- _WHAT NEEDS TO BE DONE_:
Below are some records. Return exactly the lines from the one with "lam q x0 (Suc" to the one with "continuous_on (\<Union>x \<in>", and nothing else.

[Saved data entries]
Content starts
(* Let $0<\mu<L_{\max}^{-1}$ with $L_{\max}=\max_i\|A_i\|_2^2$, let $\{x^n\}$ be generated by GAITA (as in the context) from an arbitrary $x^0\in\mathbf{R}^N$, and suppose $\{x^n\}$ converges to $x^*$. Let $I=Supp(x^* )$ and $K=\|x^*\|_0=|I|$. If $$A_I^TA_I+\lambda q(q-1)\Lambda(x_I^* )\succ0,$$ then $x^*$ is a strict local minimizer of $T_\lambda$.
   Context: Let $A\in\mathbf{R}^{m\times N}$ have columns $A_1,\dots,A_N$, $y\in\mathbf{R}^m$, $\lambda>0$, $q\in(0,1)$, and $T_\lambda(x)=\frac12\|Ax-y\|_2^2+\lambda\sum_{i=1}^N|x_i|^q$. For a step size $\mu>0$ set $\tau_{\mu,q}=\frac{2-q}{2-2q}(2\lambda\mu(1-q))^{\frac{1}{2-q}}$ and $\eta_{\mu,q}=(2\lambda\mu(1-q))^{\frac{1}{2-q}}$. For $z\in\mathbf{R}$ let $prox_{\mu,\lambda|\cdot|^q}(z)=\arg\min_{v\in\mathbf{R}}\{\frac{(z-v)^2}{2\mu}+\lambda|v|^q\}$ (a single point when $|z|\neq\tau_{\mu,q}$). Define $\mathcal{T}(z,w)$ as the unique element of $prox_{\mu,\lambda|\cdot|^q}(z)$ if $|z|\neq\tau_{\mu,q}$, and, if $|z|=\tau_{\mu,q}$, as $sgn(z)\eta_{\mu,q}$ when $w\neq0$ and $0$ when $w=0$. GAITA: given $x^0\in\mathbf{R}^N$, for $n=0,1,2,\dots$ let $i=(n\bmod N)+1$, $z_i^n=x_i^n-\mu A_i^T(Ax^n-y)$, $x_i^{n+1}=\mathcal{T}(z_i^n,x_i^n)$, $x_j^{n+1}=x_j^n$ for $j\neq i$. $Supp(x)=\{i:x_i\neq0\}$. $A_I$ is the submatrix of $A$ with columns indexed by $I$, $x_I^*$ the subvector of $x^*$ indexed by $I$, $\Lambda(x_I^* )\in\mathbf{R}^{K\times K}$ the diagonal matrix with diagonal entries $|x_i^*|^{q-2}$, $i\in I$, and $M\succ0$ means $M$ is positive definite. *)

theory Defs
  imports "HOL-Analysis.Analysis"
begin

text \<open>Conventions: the matrix A in R^(m x N) is a function A :: nat => nat => real,
  entry (k,i) = A k i for k < m, i < N (0-based indices). Vectors in R^N / R^m are
  functions nat => real; only indices below N (resp. m) are meaningful.\<close>

definition Tlam :: "nat \<Rightarrow> nat \<Rightarrow> (nat \<Rightarrow> nat \<Rightarrow> real) \<Rightarrow> (nat \<Rightarrow> real) \<Rightarrow> real \<Rightarrow> real
    \<Rightarrow> (nat \<Rightarrow> real) \<Rightarrow> real" where
  "Tlam m N A y lam q x =
     (1/2) * (\<Sum>k<m. ((\<Sum>j<N. A k j * x j) - y k)^2) + lam * (\<Sum>i<N. \<bar>x i\<bar> powr q)"

definition tau :: "real \<Rightarrow> real \<Rightarrow> real \<Rightarrow> real" where
  "tau mu lam q = (2 - q) / (2 - 2*q) * (2*lam*mu*(1-q)) powr (1/(2-q))"

definition eta :: "real \<Rightarrow> real \<Rightarrow> real \<Rightarrow> real" where
  "eta mu lam q = (2*lam*mu*(1-q)) powr (1/(2-q))"

definition prox :: "real \<Rightarrow> real \<Rightarrow> real \<Rightarrow> real \<Rightarrow> real set" where
  "prox mu lam q z = {v. \<forall>w. (z - v)^2 / (2*mu) + lam * \<bar>v\<bar> powr q
                              \<le> (z - w)^2 / (2*mu) + lam * \<bar>w\<bar> powr q}"

definition Top :: "real \<Rightarrow> real \<Rightarrow> real \<Rightarrow> real \<Rightarrow> real \<Rightarrow> real" where
  "Top mu lam q z w =
     (if \<bar>z\<bar> \<noteq> tau mu lam q then (THE v. v \<in> prox mu lam q z)
      else if w \<noteq> 0 then sgn z * eta mu lam q else 0)"

primrec gaita :: "nat \<Rightarrow> nat \<Rightarrow> (nat \<Rightarrow> nat \<Rightarrow> real) \<Rightarrow> (nat \<Rightarrow> real) \<Rightarrow> real \<Rightarrow> real \<Rightarrow> real
    \<Rightarrow> (nat \<Rightarrow> real) \<Rightarrow> nat \<Rightarrow> (nat \<Rightarrow> real)" where
  "gaita m N A y mu lam q x0 0 = x0"
| "gaita m N A y mu lam q x0 (Suc n) =
     (let x = gaita m N A y mu lam q x0 n; i = n mod N;
          z = x i - mu * (\<Sum>k<m. A k i * ((\<Sum>j<N. A k j * x j) - y k))
      in x(i := Top mu lam q z (x i)))"

definition Lmax :: "nat \<Rightarrow> nat \<Rightarrow> (nat \<Rightarrow> nat \<Rightarrow> real) \<Rightarrow> real" where
  "Lmax m N A = Max ((\<lambda>i. \<Sum>k<m. (A k i)^2) ` {..<N})"

definition supp :: "nat \<Rightarrow> (nat \<Rightarrow> real) \<Rightarrow> nat set" where
  "supp N x = {i. i < N \<and> x i \<noteq> 0}"

definition pos_def_on :: "nat set \<Rightarrow> (nat \<Rightarrow> nat \<Rightarrow> real) \<Rightarrow> bool" where
  "pos_def_on I M = (\<forall>v. (\<exists>i\<in>I. v i \<noteq> 0) \<longrightarrow> (\<Sum>i\<in>I. \<Sum>j\<in>I. v i * M i j * v j) > 0)"
theorem lemma3p1:
  fixes Z :: "(real ^ 'n) set"
    and f :: "real ^ 'n \<Rightarrow> real ^ 'n \<Rightarrow> real ^ 'n"
  assumes "closed Z"
    and "continuous_on (UNIV \<times> Z) (\<lambda>(z, p). f z p)"
  shows "locally_bounded (\<lambda>z. (\<lambda>p. f z p) ` proj_set Z z)
       \<and> outer_semicontinuous (\<lambda>z. (\<lambda>p. f z p) ` proj_set Z z)
       \<and> (\<forall>\<alpha> > 0. prox_regular \<alpha> Z \<longrightarrow>
            ((\<forall>z \<in> (\<Union>x \<in> Z. ball x (1 / (2 * \<alpha>))). \<exists>!y. y \<in> (\<lambda>p. f z p) ` proj_set Z z)
             \<and> continuous_on (\<Union>x \<in> Z. ball x (1 / (2 * \<alpha>)))
                 (\<lambda>z. THE y. y \<in> (\<lambda>p. f z p) ` proj_set Z z)))"
proof (intro conjI allI impI)
  show "locally_bounded (\<lambda>z. (\<lambda>p. f z p) ` proj_set Z z)"
    using locally_bounded_image_proj_set[OF assms] .
  show "outer_semicontinuous (\<lambda>z. (\<lambda>p. f z p) ` proj_set Z z)"
    using outer_semicontinuous_image_proj_set[OF assms] .
  fix \<alpha> :: real assume "\<alpha> > 0" and prox: "prox_regular \<alpha> Z"
  define U where "U = (\<Union>x \<in> Z. ball x (1 / (2 * \<alpha>)))"
  have U_near: "Z \<noteq> {} \<and> 2 * \<alpha> * infdist z Z < 1" if "z \<in> U" for z
    using that infdist_less_if_mem_UN_ball[OF that[unfolded U_def]] \<open>\<alpha> > 0\<close>
    by (auto simp: U_def field_simps)
  have image_eq: "(\<lambda>p. f z p) ` proj_set Z z = {f z (nearest_point Z z)}" if "z \<in> U" for z
    using prox_regular_proj_set_eq_singleton[OF prox] U_near[OF that] by simp
  then show "\<forall>z \<in> U. \<exists>!y. y \<in> (\<lambda>p. f z p) ` proj_set Z z"
    by simp
  have "continuous_on U (\<lambda>z. f z (nearest_point Z z))"
  proof (cases "Z = {}")
    case False
    show ?thesis
      using U_near by (blast intro: continuous_on_subset
          prox_regular_continuous_on_image_nearest_point[OF prox False assms(2)])
  qed (simp add: U_def)
  then show "continuous_on U (\<lambda>z. THE y. y \<in> (\<lambda>p. f z p) ` proj_set Z z)"
    by (rule continuous_on_eq) (simp add: image_eq)
qed

end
Content ends
- _ANSWER SPACE_:
| "gaita m N A y mu lam q x0 (Suc n) =
     (let x = gaita m N A y mu lam q x0 n; i = n mod N;
          z = x i - mu * (\<Sum>k<m. A k i * ((\<Sum>j<N. A k j * x j) - y k))
      in x(i := Top mu lam q z (x i)))"

definition Lmax :: "nat \<Rightarrow> nat \<Rightarrow> (nat \<Rightarrow> nat \<Rightarrow> real) \<Rightarrow> real" where
  "Lmax m N A = Max ((\<lambda>i. \<Sum>k<m. (A k i)^2) ` {..<N})"

definition supp :: "nat \<Rightarrow> (nat \<Rightarrow> real) \<Rightarrow> nat set" where
  "supp N x = {i. i < N \<and> x i \<noteq> 0}"

definition pos_def_on :: "nat set \<Rightarrow> (nat \<Rightarrow> nat \<Rightarrow> real) \<Rightarrow> bool" where
  "pos_def_on I M = (\<forall>v. (\<exists>i\<in>I. v i \<noteq> 0) \<longrightarrow> (\<Sum>i\<in>I. \<Sum>j\<in>I. v i * M i j * v j) > 0)"
theorem lemma3p1:
  fixes Z :: "(real ^ 'n) set"
    and f :: "real ^ 'n \<Rightarrow> real ^ 'n \<Rightarrow> real ^ 'n"
  assumes "closed Z"
    and "continuous_on (UNIV \<times> Z) (\<lambda>(z, p). f z p)"
  shows "locally_bounded (\<lambda>z. (\<lambda>p. f z p) ` proj_set Z z)
       \<and> outer_semicontinuous (\<lambda>z. (\<lambda>p. f z p) ` proj_set Z z)
       \<and> (\<forall>\<alpha> > 0. prox_regular \<alpha> Z \<longrightarrow>
            ((\<forall>z \<in> (\<Union>x \<in> Z. ball x (1 / (2 * \<alpha>))). \<exists>!y. y \<in> (\<lambda>p. f z p) ` proj_set Z z)
             \<and> continuous_on (\<Union>x \<in> Z. ball x (1 / (2 * \<alpha>)))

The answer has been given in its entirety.